**WHAT THIS TASK INVOLVES:**
From the records below, print exactly the lines starting at the one containing "(no_types, lifting) add.assoc)" and ending at the one containing "assms by simp", ends included, and nothing else.
╭─ MATERIALS PROVIDED
(* Let $n\ge 1$, $M\ge1$ be integers and $a=(a_0,\dots,a_n)\in\mathbb{Z}^{n+1}$ with $0\le a_i\le M$ and $a_0=a_n=0$. If there exists a non-periodic real-valued tropical recurrent minimal sequence satisfying $a$, then there exists a non-periodic tropical recurrent sequence satisfying $a$ all of whose entries lie in $V=\{j+i/(2n+2): 0\le j<M,\ 0\le i\le 2n+2,\ i,j\in\mathbb{Z}\}$.
   Context: A tropical recurrent sequence is $y=(y_j)_{j\in\mathbb{Z}}$ with real entries; it satisfies $a$ if for every $k\in\mathbb{Z}$ the minimum $\min_{0\le i\le n}\{a_i+y_{i+k}\}$ is attained for at least two different indices $i$; it is minimal if for every $j\in\mathbb{Z}$ there is $k$ with $j-n\le k\le j$ and $a_{j-k}+y_j=\min_{0\le i\le n}\{a_i+y_{i+k}\}$. It is periodic if there is $d\ge1$ with $y_{j+d}=y_j$ for all $j$, and non-periodic otherwise. *)

theory Defs
  imports Complex_Main
begin

text \<open>Coefficient vector a = (a_0,...,a_n) is given as a function a :: nat => int,
  only the values a 0, ..., a n matter. Sequences are y :: int => real.\<close>

definition trop_min :: "nat \<Rightarrow> (nat \<Rightarrow> int) \<Rightarrow> (int \<Rightarrow> real) \<Rightarrow> int \<Rightarrow> real" where
  "trop_min n a y k = Min ((\<lambda>i. real_of_int (a i) + y (int i + k)) ` {0..n})"

definition trop_satisfies :: "nat \<Rightarrow> (nat \<Rightarrow> int) \<Rightarrow> (int \<Rightarrow> real) \<Rightarrow> bool" where
  "trop_satisfies n a y \<longleftrightarrow>
     (\<forall>k::int. \<exists>i1 i2. i1 \<le> n \<and> i2 \<le> n \<and> i1 \<noteq> i2 \<and>
        real_of_int (a i1) + y (int i1 + k) = trop_min n a y k \<and>
        real_of_int (a i2) + y (int i2 + k) = trop_min n a y k)"

definition trop_minimal :: "nat \<Rightarrow> (nat \<Rightarrow> int) \<Rightarrow> (int \<Rightarrow> real) \<Rightarrow> bool" where
  "trop_minimal n a y \<longleftrightarrow>
     (\<forall>j::int. \<exists>k::int. j - int n \<le> k \<and> k \<le> j \<and>
        real_of_int (a (nat (j - k))) + y j = trop_min n a y k)"

definition periodic_seq :: "(int \<Rightarrow> real) \<Rightarrow> bool" where
  "periodic_seq y \<longleftrightarrow> (\<exists>d::int. d \<ge> 1 \<and> (\<forall>j. y (j + d) = y j))"

end

theory Submission
  imports Defs
begin

text \<open>
  Since \<open>a\<^sub>0 = a\<^sub>n = 0\<close> and \<open>a \<ge> 0\<close>, every window of \<open>n\<close> consecutive
  terms of a solution \<open>y\<close> contains a global minimum \<open>L\<close> of \<open>y\<close>, and
  minimality then gives \<open>y \<le> L + M\<close>. A map \<open>x \<mapsto> \<lceil>x - c\<rceil>\<close> is monotone
  and commutes with integer translations, so it turns such solutions into solutions
  with values in \<open>{0..M} \<subseteq> V\<close>. Two periodic sequences that agree on a half-line
  coincide; so it suffices to find two bounded solutions agreeing on a half-line but
  not everywhere, and to choose \<open>c\<close> so that the rounding still separates them.
  Splicing turns two solutions that agree on a window of length \<open>n\<close>, but not
  everywhere, into such a pair. These come from \<open>y\<close>: either rounding \<open>y\<close> down
  to the lattice \<open>{y\<^sub>0, \<dots>, y\<^sub>n\<^sub>-\<^sub>1} + \<int>\<close> changes \<open>y\<close> somewhere
  while fixing the window \<open>0..n-1\<close>, or \<open>y\<close> takes finitely many values, so some
  window repeats, and \<open>y\<close> and a translate of it (distinct, as \<open>y\<close> is not
  periodic) agree on that window.
\<close>

lemma trop_min_le: "i \<le> n \<Longrightarrow> trop_min n a y k \<le> real_of_int (a i) + y (int i + k)"
  unfolding trop_min_def by (rule Min_le) auto

lemma trop_satisfies_comp:
  assumes mono: "mono \<phi>" and shift: "\<And>z x. \<phi> (real_of_int z + x) = real_of_int z + \<phi> x"
    and sat: "trop_satisfies n a y"
  shows "trop_satisfies n a (\<phi> \<circ> y)"
proof -
  have min_comp: "trop_min n a (\<phi> \<circ> y) k = \<phi> (trop_min n a y k)" for k
  proof -
    have "(\<lambda>i. real_of_int (a i) + (\<phi> \<circ> y) (int i + k)) ` {0..n}
        = \<phi> ` (\<lambda>i. real_of_int (a i) + y (int i + k)) ` {0..n}"
      by (simp add: image_image shift)
    then show ?thesis
      unfolding trop_min_def by (simp add: mono_Min_commute[OF mono])
  qed
  show ?thesis
    using sat unfolding trop_satisfies_def by (simp add: min_comp shift[symmetric]) metis
qed

lemma trop_satisfies_shift:
  assumes "trop_satisfies n a y"
  shows "trop_satisfies n a (\<lambda>j. y (j + d))"
proof -
  have "trop_min n a (\<lambda>j. y (j + d)) k = trop_min n a y (k + d)" for k
    unfolding trop_min_def by (simp add: add.assoc)
  then show ?thesis
    using assms unfolding trop_satisfies_def by (metis (no_types, lifting) add.assoc)
qed

lemma trop_satisfies_cong_window:
  assumes "trop_satisfies n a y" and "\<And>i. i \<le> n \<Longrightarrow> y' (int i + k) = y (int i + k)"
  shows "\<exists>i1 i2. i1 \<le> n \<and> i2 \<le> n \<and> i1 \<noteq> i2 \<and>
           real_of_int (a i1) + y' (int i1 + k) = trop_min n a y' k \<and>
           real_of_int (a i2) + y' (int i2 + k) = trop_min n a y' k"
proof -
  have "trop_min n a y' k = trop_min n a y k"
    unfolding trop_min_def using assms(2) by (intro arg_cong[where f = Min] image_cong) auto
  then show ?thesis
    using assms unfolding trop_satisfies_def by (metis (no_types, lifting))
qed

lemma trop_satisfies_splice:
  assumes u: "trop_satisfies n a u" and v: "trop_satisfies n a v"
    and agree: "\<And>i. i < n \<Longrightarrow> u (p + int i) = v (p + int i)"
  shows "trop_satisfies n a (\<lambda>j. if j < p then u j else v j)"
  unfolding trop_satisfies_def
proof
  fix k
  let ?s = "\<lambda>j. if j < p then u j else v j"
  show "\<exists>i1 i2. i1 \<le> n \<and> i2 \<le> n \<and> i1 \<noteq> i2 \<and>
      real_of_int (a i1) + ?s (int i1 + k) = trop_min n a ?s k \<and>
      real_of_int (a i2) + ?s (int i2 + k) = trop_min n a ?s k"
  proof (cases "k < p")
    case True
    show ?thesis
    proof (rule trop_satisfies_cong_window[OF u])
      fix i assume "i \<le> n"
      then show "?s (int i + k) = u (int i + k)"
        using agree[of "nat (int i + k - p)"] True by auto
    qed
  next
    case False
    then show ?thesis by (intro trop_satisfies_cong_window[OF v]) simp
  qed
qed

lemma periodic_add_mult:
  fixes y :: "int \<Rightarrow> 'a"
  assumes "\<And>j. y (j + d) = y j"
  shows "y (j + m * d) = y j"
proof (induction m arbitrary: j rule: int_induct[where k = 0])
  case (step1 m)
  then show ?case using assms[of "j + m * d"] by (simp add: algebra_simps)
next
  case (step2 m)
  have "y (j + (m - 1) * d) = y (j + (m - 1) * d + d)" using assms by simp
  also have "\<dots> = y j" using step2.IH[of j] by (simp add: algebra_simps)
  finally show ?case .
qed simp

lemma periodic_seq_eq_if_agree_on_half_line:
  assumes "periodic_seq w1" "periodic_seq w2"
    and agree: "(\<forall>j<p. w1 j = w2 j) \<or> (\<forall>j\<ge>p. w1 j = w2 j)"
  shows "w1 = w2"
proof
  fix j
  obtain d1 d2 where d: "d1 \<ge> 1" "d2 \<ge> 1" "\<And>j. w1 (j + d1) = w1 j" "\<And>j. w2 (j + d2) = w2 j"
    using assms(1,2) unfolding periodic_seq_def by blast
  have period: "w1 (j + m * (d1 * d2)) = w1 j" "w2 (j + m * (d1 * d2)) = w2 j" for j m
    using periodic_add_mult[of w1 d1, OF d(3), of j "m * d2"]
      periodic_add_mult[of w2 d2, OF d(4), of j "m * d1"]
    by (simp_all add: algebra_simps)
  define m where "m = \<bar>j - p\<bar> + 1"
  have "m \<le> m * (d1 * d2)"
    using d mult_mono[of 1 d1 1 d2] unfolding m_def by simp
  then have "j - m * (d1 * d2) < p" "p \<le> j + m * (d1 * d2)"
    unfolding m_def by linarith+
  with agree period show "w1 j = w2 j"
    by (metis diff_add_cancel)
qed

lemma ceiling_diff_separates:
  fixes x x' L :: real
  assumes "x \<noteq> x'"
  obtains c where "L \<le> c" "c < L + 1" "\<lceil>x - c\<rceil> \<noteq> \<lceil>x' - c\<rceil>"
proof -
  have "\<exists>c. L \<le> c \<and> c < L + 1 \<and> \<lceil>x - c\<rceil> < \<lceil>x' - c\<rceil>" if "x < x'" for x x' :: real
  proof (intro exI conjI)
    let ?c = "x - real_of_int \<lfloor>x - L\<rfloor>"
    show "L \<le> ?c" "?c < L + 1" by linarith+
    have "real_of_int \<lfloor>x - L\<rfloor> < x' - ?c" using that by simp
    then show "\<lceil>x - ?c\<rceil> < \<lceil>x' - ?c\<rceil>" by (simp add: less_ceiling_iff)
  qed
  then show ?thesis
    using that assms by (metis linorder_neq_iff)
qed

lemma nonperiodic_int_solution_if_agree_on_half_line:
  assumes u: "trop_satisfies n a u" and v: "trop_satisfies n a v"
    and bounded: "\<And>j. L \<le> u j \<and> u j \<le> L + real M" "\<And>j. L \<le> v j \<and> v j \<le> L + real M"
    and agree: "(\<forall>j<p. u j = v j) \<or> (\<forall>j\<ge>p. u j = v j)"
    and differ: "u q \<noteq> v q"
  shows "\<exists>w. trop_satisfies n a w \<and> \<not> periodic_seq w \<and> range w \<subseteq> of_int ` {0..int M}"
proof -
  obtain c where c: "L \<le> c" "c < L + 1" "\<lceil>u q - c\<rceil> \<noteq> \<lceil>v q - c\<rceil>"
    using ceiling_diff_separates[OF differ] by blast
  define r where "r x = real_of_int \<lceil>x - c\<rceil>" for x
  have r_mono: "mono r" unfolding r_def mono_def by (simp add: ceiling_mono)
  have r_shift: "r (real_of_int z + x) = real_of_int z + r x" for z x
    unfolding r_def using ceiling_add_of_int[of "x - c" z] by (simp add: algebra_simps)
  have r_range: "r x \<in> of_int ` {0..int M}" if "L \<le> x" "x \<le> L + real M" for x
  proof -
    have "0 \<le> \<lceil>x - c\<rceil>" "\<lceil>x - c\<rceil> \<le> int M"
      using that c by (simp_all add: ceiling_le_iff)
    then show ?thesis unfolding r_def by auto
  qed
  have "r \<circ> u \<noteq> r \<circ> v" using c(3) unfolding r_def by (metis comp_apply of_int_eq_iff)
  then have "\<not> periodic_seq (r \<circ> u) \<or> \<not> periodic_seq (r \<circ> v)"
    using periodic_seq_eq_if_agree_on_half_line[of "r \<circ> u" "r \<circ> v" p] agree by auto
  moreover have "range (r \<circ> u) \<subseteq> of_int ` {0..int M}" "range (r \<circ> v) \<subseteq> of_int ` {0..int M}"
    using r_range bounded by auto
  ultimately show ?thesis
    using trop_satisfies_comp[OF r_mono r_shift] u v by blast
qed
╰─
**EXERCISE RESULT:**
    using assms unfolding trop_satisfies_def by (metis (no_types, lifting) add.assoc)
qed

lemma trop_satisfies_cong_window:
  assumes "trop_satisfies n a y" and "\<And>i. i \<le> n \<Longrightarrow> y' (int i + k) = y (int i + k)"
  shows "\<exists>i1 i2. i1 \<le> n \<and> i2 \<le> n \<and> i1 \<noteq> i2 \<and>
           real_of_int (a i1) + y' (int i1 + k) = trop_min n a y' k \<and>
           real_of_int (a i2) + y' (int i2 + k) = trop_min n a y' k"
proof -
  have "trop_min n a y' k = trop_min n a y k"
    unfolding trop_min_def using assms(2) by (intro arg_cong[where f = Min] image_cong) auto
  then show ?thesis
    using assms unfolding trop_satisfies_def by (metis (no_types, lifting))
qed

lemma trop_satisfies_splice:
  assumes u: "trop_satisfies n a u" and v: "trop_satisfies n a v"
    and agree: "\<And>i. i < n \<Longrightarrow> u (p + int i) = v (p + int i)"
  shows "trop_satisfies n a (\<lambda>j. if j < p then u j else v j)"
  unfolding trop_satisfies_def
proof
  fix k
  let ?s = "\<lambda>j. if j < p then u j else v j"
  show "\<exists>i1 i2. i1 \<le> n \<and> i2 \<le> n \<and> i1 \<noteq> i2 \<and>
      real_of_int (a i1) + ?s (int i1 + k) = trop_min n a ?s k \<and>
      real_of_int (a i2) + ?s (int i2 + k) = trop_min n a ?s k"
  proof (cases "k < p")
    case True
    show ?thesis
    proof (rule trop_satisfies_cong_window[OF u])
      fix i assume "i \<le> n"
      then show "?s (int i + k) = u (int i + k)"
        using agree[of "nat (int i + k - p)"] True by auto
    qed
  next
    case False
    then show ?thesis by (intro trop_satisfies_cong_window[OF v]) simp
  qed
qed

lemma periodic_add_mult:
  fixes y :: "int \<Rightarrow> 'a"
  assumes "\<And>j. y (j + d) = y j"
  shows "y (j + m * d) = y j"
proof (induction m arbitrary: j rule: int_induct[where k = 0])
  case (step1 m)
  then show ?case using assms[of "j + m * d"] by (simp add: algebra_simps)
next
  case (step2 m)
  have "y (j + (m - 1) * d) = y (j + (m - 1) * d + d)" using assms by simp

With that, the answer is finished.